O mundo do concurseiro lembra uma igreja. Há sempre os testemunhos antes das aulas atestando a validade da fé no próprio esforço e afiançando que, se houver entrega e uma mentalidade vitoriosa, um dia essa vaga prometida chegará num certame qualquer, não se sabe se nesta ou noutra encarnação.
Por razões pessoais, tenho passado a frequentar esses cultos. Gosto de me diluir na massa de alunos entre esperançosos e ressabiados, todos ungidos por uma graça distante e cada um imbuído de um propósito singular e levemente desesperado.
Qual? Ganhar mais ou algum dinheiro e garantir estabilidade num mundo instável e prestes a colapsar, não interessa se hoje ou daqui a duas décadas. Para um grupo tão heterogêneo, o futuro é imediato e as opções, nenhuma.
Ouço a voz grave do professor no evangelho das orações – subordinadas reduzidas de infinitivo –, e prontamente me genuflexo. Mas, como não estou certo de que esse verbo é pronominal (embora o use assim mesmo porque tenho preguiça de consultar o ChatGPT), faço menção de levantar.
De pé, rogo a deus que afaste de mim o cálice da desinteligência emocional e tudo que esteja bloqueando o meu potencial de crescimento pessoal e também os canais de acesso ao sagrado da norma culta da língua portuguesa, ao menos enquanto estiver na sala 107 do bloco D.
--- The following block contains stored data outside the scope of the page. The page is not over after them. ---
(* Let $C$ be a closed normal cone with nonempty interior in a real Banach space $(X,\|\cdot\|)$. Fix $u\in\operatorname{int}C$ and let $\|\cdot\|_u$ be the order-unit norm. If $f:\operatorname{int}C\to C$ is order-preserving and homogeneous, then $$r(f)=\lim_{k\to\infty}\|(f+\operatorname{id})^k(u)\|_u^{1/k}-1=\inf_{k>0}\|(f+\operatorname{id})^k(u)\|_u^{1/k}-1=\lim_{k\to\infty}\|(f+\operatorname{id})^k(u)\|^{1/k}-1.$$ In particular, $r(f)<1$ if and only if there is $k\in\mathbb{N}$ with $(f+\operatorname{id})^k(u)\ll 2^ku$.
   Context: A closed cone $C$ (closed convex, $\lambda C\subseteq C$ for $\lambda\ge0$, $C\cap(-C)=\{0\}$) induces the order $x\le y$ iff $y-x\in C$; $x\ll y$ means $y-x\in\operatorname{int}C$. $C$ is normal if there is $\kappa$ with $\|x\|\le\kappa\|y\|$ whenever $0\le x\le y$. The order-unit norm is $\|x\|_u=\inf\{k>0: -ku\le x\le ku\}$ (on $X_u=\bigcup_{k>0}[-ku,ku]$, which equals $X$ when $u\in\operatorname{int}C$). $f$ is order-preserving if $x\le y\Rightarrow f(x)\le f(y)$; homogeneous if $f(tx)=tf(x)$ for $t>0$. $r(f)=\inf_{x\in\operatorname{int}C}M(f(x)/x)$ with $M(x/y)=\inf\{\beta>0:x\le\beta y\}$. *)

theory Defs
  imports "HOL-Analysis.Analysis"
begin

definition closed_cone :: "'a::real_normed_vector set \<Rightarrow> bool" where
  "closed_cone C \<longleftrightarrow> closed C \<and> convex C \<and> C \<noteq> {} \<and>
     (\<forall>x\<in>C. \<forall>t::real. t \<ge> 0 \<longrightarrow> t *\<^sub>R x \<in> C) \<and>
     (\<forall>x. x \<in> C \<and> - x \<in> C \<longrightarrow> x = 0)"

definition cle :: "'a::real_normed_vector set \<Rightarrow> 'a \<Rightarrow> 'a \<Rightarrow> bool" where
  "cle C x y \<longleftrightarrow> y - x \<in> C"

definition cll :: "'a::real_normed_vector set \<Rightarrow> 'a \<Rightarrow> 'a \<Rightarrow> bool" where
  "cll C x y \<longleftrightarrow> y - x \<in> interior C"

definition normal_cone :: "'a::real_normed_vector set \<Rightarrow> bool" where
  "normal_cone C \<longleftrightarrow> (\<exists>\<kappa>. \<forall>x y. cle C 0 x \<and> cle C x y \<longrightarrow> norm x \<le> \<kappa> * norm y)"

definition unorm :: "'a::real_normed_vector set \<Rightarrow> 'a \<Rightarrow> 'a \<Rightarrow> real" where
  "unorm C u x = Inf {k. k > 0 \<and> cle C (- (k *\<^sub>R u)) x \<and> cle C x (k *\<^sub>R u)}"

definition Mx :: "'a::real_normed_vector set \<Rightarrow> 'a \<Rightarrow> 'a \<Rightarrow> real" where
  "Mx C x y = Inf {\<beta>. \<beta> > 0 \<and> cle C x (\<beta> *\<^sub>R y)}"

definition order_preserving_on :: "'a::real_normed_vector set \<Rightarrow> 'a set \<Rightarrow> ('a \<Rightarrow> 'a) \<Rightarrow> bool" where
  "order_preserving_on C D f \<longleftrightarrow> (\<forall>x\<in>D. \<forall>y\<in>D. cle C x y \<longrightarrow> cle C (f x) (f y))"

definition homogeneous_on :: "'a::real_normed_vector set \<Rightarrow> ('a \<Rightarrow> 'a) \<Rightarrow> bool" where
  "homogeneous_on D f \<longleftrightarrow> (\<forall>x\<in>D. \<forall>t::real. t > 0 \<longrightarrow> f (t *\<^sub>R x) = t *\<^sub>R f x)"

definition cone_spectral_radius :: "'a::real_normed_vector set \<Rightarrow> ('a \<Rightarrow> 'a) \<Rightarrow> real" where
  "cone_spectral_radius C f = Inf ((\<lambda>x. Mx C (f x) x) ` interior C)"

end

theory Submission
  imports Defs
begin

text \<open>
  Write \<open>g = f + id\<close>. The upper bound on \<open>r(f)\<close> comes from iterating a damped map: if
  \<open>g\<^sup>K u \<preceq> t u\<close> with \<open>t < \<beta>\<^sup>K\<close>, the orbit \<open>x\<^sub>0 = u\<close>, \<open>x\<^sub>n\<^sub>+\<^sub>1 = u + g(x\<^sub>n) / \<beta>\<close> stays below a
  multiple of \<open>u\<close>, which forces the ratios \<open>M(x\<^sub>n\<^sub>+\<^sub>1 / x\<^sub>n)\<close> to converge to \<open>1\<close> geometrically; since
  \<open>f(x\<^sub>n) = \<beta> x\<^sub>n\<^sub>+\<^sub>1 - \<beta> u - x\<^sub>n\<close>, the \<open>x\<^sub>n\<close> are almost subeigenvectors of \<open>f\<close> for \<open>\<beta> - 1\<close>.
  Hence \<open>r(f) + 1 \<le> \<parallel>g\<^sup>k u\<parallel>\<^sub>u\<^sup>1\<^sup>/\<^sup>k\<close> for every \<open>k\<close>. Conversely a subeigenvector \<open>f x \<preceq> \<gamma> x\<close>
  gives \<open>\<parallel>g\<^sup>k u\<parallel>\<^sub>u = O((\<gamma> + 1)\<^sup>k)\<close>. Normality makes \<open>\<parallel>\<cdot>\<parallel>\<^sub>u\<close> and \<open>\<parallel>\<cdot>\<parallel>\<close> equivalent on \<open>C\<close>.
\<close>

lemma power_powr_inverse: "x > 0 \<Longrightarrow> k > 0 \<Longrightarrow> (x powr (1 / real k)) ^ k = x"
  for x :: real
  by (simp add: powr_power)

lemma powr_inverse_power: "x > 0 \<Longrightarrow> k > 0 \<Longrightarrow> (x ^ k) powr (1 / real k) = x"
  for x :: real
  by (simp add: powr_realpow[symmetric] powr_powr)

lemma tendsto_const_powr_inverse: "c > 0 \<Longrightarrow> (\<lambda>k. c powr (1 / real k)) \<longlonglongrightarrow> 1"
  for c :: real
  using tendsto_powr[OF tendsto_const lim_1_over_n, of c] by simp

lemma tendsto_powr_inverse_comparable:
  fixes a b :: "nat \<Rightarrow> real"
  assumes lim: "(\<lambda>k. a k powr (1 / real k)) \<longlonglongrightarrow> L"
    and "\<delta> > 0" "K > 0" "\<And>k. a k \<ge> 0"
    and bounds: "\<And>k. \<delta> * a k \<le> b k" "\<And>k. b k \<le> K * a k"
  shows "(\<lambda>k. b k powr (1 / real k)) \<longlonglongrightarrow> L"
proof (rule real_tendsto_sandwich)
  have scaled: "(\<lambda>k. (c * a k) powr (1 / real k)) \<longlonglongrightarrow> L" if "c > 0" for c
    using tendsto_mult[OF tendsto_const_powr_inverse[OF that] lim] that assms(4)
    by (simp add: powr_mult)
  show "(\<lambda>k. (\<delta> * a k) powr (1 / real k)) \<longlonglongrightarrow> L" "(\<lambda>k. (K * a k) powr (1 / real k)) \<longlonglongrightarrow> L"
    using scaled assms(2,3) by auto
  have "b k \<ge> 0" for k
    using bounds(1)[of k] assms(2,4) by (meson mult_nonneg_nonneg order.trans less_imp_le)
  with assms(2,4) bounds
  show "eventually (\<lambda>k. (\<delta> * a k) powr (1 / real k) \<le> b k powr (1 / real k)) sequentially"
    "eventually (\<lambda>k. b k powr (1 / real k) \<le> (K * a k) powr (1 / real k)) sequentially"
    by (auto intro!: always_eventually powr_mono2)
qed

section \<open>Cones and the order-unit norm\<close>

locale cone_order =
  fixes C :: "'a::real_normed_vector set"
  assumes closed_cone: "closed_cone C"
begin

abbreviation le_C (infix "\<preceq>" 50) where "x \<preceq> y \<equiv> cle C x y"

lemma scaleR_mem: "x \<in> C \<Longrightarrow> t \<ge> 0 \<Longrightarrow> t *\<^sub>R x \<in> C"
  using closed_cone unfolding closed_cone_def by blast

lemma zero_mem: "0 \<in> C"
  using closed_cone scaleR_mem[of _ 0] unfolding closed_cone_def by fastforce

lemma add_mem:
  assumes "x \<in> C" "y \<in> C"
  shows "x + y \<in> C"
proof -
  have "(1/2::real) *\<^sub>R x + (1 - 1/2::real) *\<^sub>R y \<in> C"
    using closed_cone assms unfolding closed_cone_def convex_def by simp
  from scaleR_mem[OF this, of 2] show ?thesis
    by (simp add: scaleR_add_right)
qed

lemma pointed: "x \<in> C \<Longrightarrow> - x \<in> C \<Longrightarrow> x = 0"
  using closed_cone unfolding closed_cone_def by blast

lemma interior_add_mem:
  assumes x: "x \<in> interior C" and y: "y \<in> C"
  shows "x + y \<in> interior C"
proof -
  obtain e where e: "e > 0" "ball x e \<subseteq> C"
    using x by (meson mem_interior)
  have "z \<in> C" if "z \<in> ball (x + y) e" for z
  proof -
    have "z - y \<in> ball x e"
      using that by (simp add: dist_norm algebra_simps)
    with e add_mem[OF _ y] show ?thesis
      by (metis diff_add_cancel subsetD)
  qed
  with e show ?thesis by (meson mem_interior subsetI)
qed

lemma interior_scaleR_mem:
  assumes x: "x \<in> interior C" and t: "t > 0"
  shows "t *\<^sub>R x \<in> interior C"
proof -
  obtain e where e: "e > 0" "ball x e \<subseteq> C"
    using x by (meson mem_interior)
  have "z \<in> C" if "z \<in> ball (t *\<^sub>R x) (t * e)" for z
  proof -
    have "t *\<^sub>R x - z = t *\<^sub>R (x - (1/t) *\<^sub>R z)"
      using t by (simp add: algebra_simps)
    with that t have "(1/t) *\<^sub>R z \<in> ball x e"
      by (simp add: dist_norm)
    with e scaleR_mem[of "(1/t) *\<^sub>R z" t] t show ?thesis
      by auto
  qed
  with e t show ?thesis by (meson mem_interior mult_pos_pos subsetI)
qed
Nessas aulas da noite, tento desesperadamente me reconectar com a sintaxe do Sujeito Oculto por trás das sentenças que, na hora de preencher o gabarito com caneta azul de ponta porosa, decidem uma vida, principalmente quando as questões específicas têm peso diferenciado.
No intervalo, e já sentindo uma culpa cristã por não estar em casa vendo um capítulo de série, bate a tentação. Me pergunto o que estou fazendo ali e tenho vontade de ir embora.
Até ensaio guardar o caderno discretamente, sem chamar atenção apanhar celular e lápis e, sob o luar quente da cidade, sair desembestado pra comprar uma batata frita cujo odor oleoso havia empesteado o ambiente.
Mas logo outra aluna, esta consagrada com aprovação recente (gabaritou legislação e raciocínio lógico, além de quase fechar direito administrativo), toma a palavra, nesse sentido foucaultiano de se inserir num fluxo sem origem nem fim.
O que ela diz? Sem olhar para mim, fala que, nessa jornada pelo deserto (são os vocábulos que ela escolhe na pregação), muitas vezes o candidato se vê sozinho e desamparado como talvez alguns de vocês se sintam neste instante. E, agora mirando na direção da minha cadeira, pespega: “Mas desistir não é uma opção para marcar”.
Como se escrita com fogo, essa construção ricocheteia feito um bólido na minha disciplina vacilante de proto-concurseiro de primeira viagem. Sem dar tempo para pensar, o professor examina sintaticamente a frase no quadro branco, introduzindo a segunda seção da exposição, dedicada à análise do período composto.
Ainda devaneio na onda epifânica dessa revelação quando o guru da língua de Camões e Anitta interpela a sua audiência de aspirantes a servidores com uma pergunta tão misteriosa quanto a santíssima trindade: “para marcar” era uma subordinada adjetiva restritiva ou substantiva completiva nominal?
Nessa hora, um silêncio bíblico despenca sobre a turma, interrompido apenas pela sirene da escola.